What with all the people moving here, there simply aren’t enough houses for everyone to live the way they want. People who would prefer to live in a large house, live in a smaller house. People who would prefer to live in a small house, live in an apartment. People who would prefer to own, are renting. Now you may say: “This is how it always is. Desire always exceeds opportunity.” True! But the thing is, housing is getting expensive at a rapid pace. And since all need to live somewhere, it is actually inflation. It is just not evenly distributed. Those who already own a home, don’t notice it except in taxes, and only moderately even then. But the moment they want to upgrade to a larger home, they will find that these are rather more expensive than they used to be.
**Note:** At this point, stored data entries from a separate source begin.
lemma te_le_broom_sum:
  assumes "simple_graph V E" "connected_graph V E" "u \<in> V" "card V \<ge> 2"
  shows "\<exists>j\<in>{1..card V - 1}. te lam V E u
    \<le> (\<Sum>k=1..j. real k * lam ^ k) + real (card V - j - 1) * (real j * lam ^ j)"
proof -
  define f where "f k = real k * lam ^ k" for k
  define S where "S = V - {u}"
  have "finite V" using assms(1) unfolding simple_graph_def by blast
  then have finS: "finite S" and cardS: "card S = card V - 1"
    using assms(3) by (simp_all add: S_def)
  have dist_pos: "1 \<le> gdist E u v" if "v \<in> S" for v
    using that assms(2,3) gdist_pos unfolding S_def connected_graph_def
    by (fastforce simp: Suc_le_eq)
  define e where "e = Max (gdist E u ` S)"
  have "S \<noteq> {}" using cardS assms(4) by auto
  then have "e \<in> gdist E u ` S" unfolding e_def using finS by (intro Max_in) auto
  then obtain v0 where v0: "v0 \<in> S" "gdist E u v0 = e" by blast
  have dist_le: "gdist E u v \<le> e" if "v \<in> S" for v
    using finS that unfolding e_def by simp
  obtain p where p: "\<And>i. i \<le> e \<Longrightarrow> p i \<in> V \<and> gdist E u (p i) = i"
    using geodesic_exists[OF assms(1-3), of v0] v0 unfolding S_def by blast
  have "1 \<le> e" using dist_pos v0 by fastforce
  then have "Max (f ` {1..e}) \<in> f ` {1..e}" by (intro Max_in) auto
  then obtain j where j: "j \<in> {1..e}" "f j = Max (f ` {1..e})" by auto
  have f_le: "f (gdist E u v) \<le> f j" if "v \<in> S" for v
    using j dist_pos[OF that] dist_le[OF that] by simp
  have path_in_S: "p ` {1..j} \<subseteq> S"
    using p j gdist_refl[of E u] unfolding S_def by fastforce
  have "j \<le> card S"
    using card_mono[OF finS path_in_S] card_image[OF inj_on_inverseI[of "{1..j}" "gdist E u" p]]
      p j by simp
  moreover have "te lam V E u \<le> (\<Sum>k=1..j. f k) + real (card S - j) * f j"
    unfolding te_def S_def[symmetric] f_def[symmetric]
    by (rule sum_le_sum_over_section[OF finS path_in_S]) (use p j f_le in auto)
  ultimately show ?thesis using j cardS unfolding f_def by (intro bexI[of _ j]) auto
qed
(* Let $H=\sum_{i,j=1}^n\left(\tfrac12\mu_{ij}p_ip_j+\tfrac12\kappa_{ij}q_iq_j+\tfrac12\gamma_{ij}p_iq_j+\tfrac12\gamma_{ji}q_ip_j\right)$ with $\mu,\kappa$ real symmetric, $\gamma$ real, and Hermitian $p_i,q_i$ satisfying $[p_i,q_j]=-i\delta_{ij}$, $[p_i,p_j]=[q_i,q_j]=0$. If $H$ is Dirac diagonalizable, then its dynamic matrix $D=\Sigma_yM$ is physically diagonalizable.
   Context: $M=\begin{pmatrix}\mu&\gamma\\ \gamma^T&\kappa\end{pmatrix}$, $\Sigma_y=\begin{pmatrix}0&-iI_n\\ iI_n&0\end{pmatrix}$. $H$ is Dirac diagonalizable if there exist operators $d_1,\dots,d_n$, each a complex linear combination of the $p_i,q_i$, with $[d_i,d_j^\dagger]=\delta_{ij}$, $[d_i,d_j]=0$, and real $\omega_1,\dots,\omega_n,C$ with $H=\sum_i\omega_id_i^\dagger d_i+C$. A matrix is physically diagonalizable if it is diagonalizable over $\mathbb{C}$ and all its eigenvalues are real. *)

theory Defs
  imports Complex_Main "Jordan_Normal_Form.Char_Poly"
begin

text \<open>Abstract complex unital *-algebra of operators: the ring 'a (with 1 \<noteq> 0),
  an embedding emb of complex scalars as central elements, and an involution st (adjoint).\<close>
definition star_algebra :: "(complex \<Rightarrow> 'a::ring_1) \<Rightarrow> ('a \<Rightarrow> 'a) \<Rightarrow> bool" where
  "star_algebra emb st \<longleftrightarrow>
     (\<forall>x y. emb (x + y) = emb x + emb y) \<and> (\<forall>x y. emb (x * y) = emb x * emb y) \<and> emb 1 = 1 \<and>
     (\<forall>c x. emb c * x = x * emb c) \<and>
     (\<forall>x y. st (x + y) = st x + st y) \<and> (\<forall>x y. st (x * y) = st y * st x) \<and>
     (\<forall>x. st (st x) = x) \<and> (\<forall>c. st (emb c) = emb (cnj c))"
(* For generic values of the parameters $u,v\in\mathbb{C}$, the following holds for each $x\in\{l,r\}$. - Each of the two root subspaces (generalized eigenspaces) of $h^{cl}_x$ coincides with one of the two root subspaces of $M^{cl}(v)$. - Each of the two root subspaces of $h^{q}_x$ coincides with one of the two root subspaces of $M^{q}(v)$. In each case, the common root subspaces are each of dimension $N$, and on each of them the restriction of each matrix consists of a single Jordan block.
   Context: All matrices are $2N\times 2N$ complex matrices, indexed by $1,\dots,2N$. Entries not listed are zero, and only index pairs lying in $\{1,\dots,2N\}^2$ are meant. Here $\mathrm{i}$ is the imaginary unit, $s=1/\cosh(u)$, $\lambda_{cl}(v)=\tanh(v)\coth(u-v)$ and $\lambda_q(v)=\tanh(u-v)\coth(v)$. In all formulas $1\le i\le N$, $1\le j\le 2N$ and $k\ge 1$. The matrix $M^{cl}(v)$ is lower triangular, with entries - $M^{cl}_{2i-1,2i-1}=-\mathrm{i}\coth(u-v)$ and $M^{cl}_{2i,2i}=\mathrm{i}\tanh(v)$; - $M^{cl}_{2i-1+2k,\,2i-1}=-\mathrm{i}\,\lambda_{cl}^{k-1}/(\coth(v)\sinh^2(u-v))$; - $M^{cl}_{2i+2k,\,2i}=-\mathrm{i}\,\lambda_{cl}^{k-1}/(\tanh(u-v)\cosh^2(v))$; - $M^{cl}_{j+2k-1,\,j}=-\mathrm{i}\,\lambda_{cl}^{k-1}/(\cosh(v)\sinh(u-v))$. The matrix $M^{q}(v)$ is upper triangular, with entries - $M^{q}_{2i-1,2i-1}=-\mathrm{i}\tanh(u-v)$ and $M^{q}_{2i,2i}=\mathrm{i}\coth(v)$; - $M^{q}_{2i-1,\,2i-1+2k}=\mathrm{i}\,\lambda_q^{k-1}/(\tanh(v)\cosh^2(u-v))$; - $M^{q}_{2i,\,2i+2k}=\mathrm{i}\,\lambda_q^{k-1}/(\coth(u-v)\sinh^2(v))$; - $M^{q}_{j,\,j+2k-1}=\mathrm{i}\,\lambda_q^{k-1}/(\sinh(v)\cosh(u-v))$. The local matrices have entries (with $1\le j\le 2N-1$ wherever $j$ appears): - $h^{cl}_l$: $(h^{cl}_l)_{2i,2i}=1$ for $1\le i\le N$; $(h^{cl}_l)_{j+1,j}=-s$; $(h^{cl}_l)_{2i+1,2i-1}=1$ for $1\le i\le N-1$. - $h^{q}_l$: $(h^{q}_l)_{2i,2i}=1$; $(h^{q}_l)_{j,j+1}=s$; $(h^{q}_l)_{2i-1,2i+1}=1$ for $1\le i\le N-1$. - $h^{cl}_r$: $(h^{cl}_r)_{2i-1,2i-1}=1$; $(h^{cl}_r)_{j+1,j}=s$; $(h^{cl}_r)_{2i+2,2i}=1$ for $1\le i\le N-1$. - $h^{q}_r$: $(h^{q}_r)_{2i-1,2i-1}=1$; $(h^{q}_r)_{j,j+1}=-s$; $(h^{q}_r)_{2i,2i+2}=1$ for $1\le i\le N-1$. *)

theory Defs
  imports "Jordan_Normal_Form.Jordan_Normal_Form_Uniqueness" "HOL-Analysis.Elementary_Topology"
begin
So although they are theoretically growing richer at a rapid pace, they are actually not able to upgrade as they normally would. So: Inflation, but nobody must know it.

Of course, it gets pretty obvious for us who rent. Looking for other apartments without night parties upstairs, I can’t help but notice that the prices are rising steadily, by about 15% a year. Given how large a part rent is of monthly expenses, it is a pretty hefty inflation. If your taxes were rising like that, you’d vote for a different government next time. But due to the camouflage inherent in home ownership, people are actually happy with this inflation. They forget that they don’t really have the option, to sell their home and spend the money. Sure, they can borrow more money against it for each year, if they so desire. But borrowing has never, in itself, made anyone richer. If they invest that money wisely, perhaps. Do you know anyone who does that?

If this seems vaguely familiar, it may be because I warned Americans when they were making the same mistakes we are making now. Even though Norwegians have had the opportunity to point and laugh at the stupid foreigners (both American and European), nobody wants to believe that we have a problem here. It is different with us. “It is typically Norwegian to be good.” (Actual quote by a former Norwegian Prime Minister, although opinions are divided as to whether there was a hint of irony in it. It became a popular saying, anyway.)

Moving to Norway (if you can work smart enough to be the most productive in the world with a short workday and long vacation) is still a good option, but you should not have high expectations about home ownership for the first years unless you have a job title that ends in “Executive Officer”.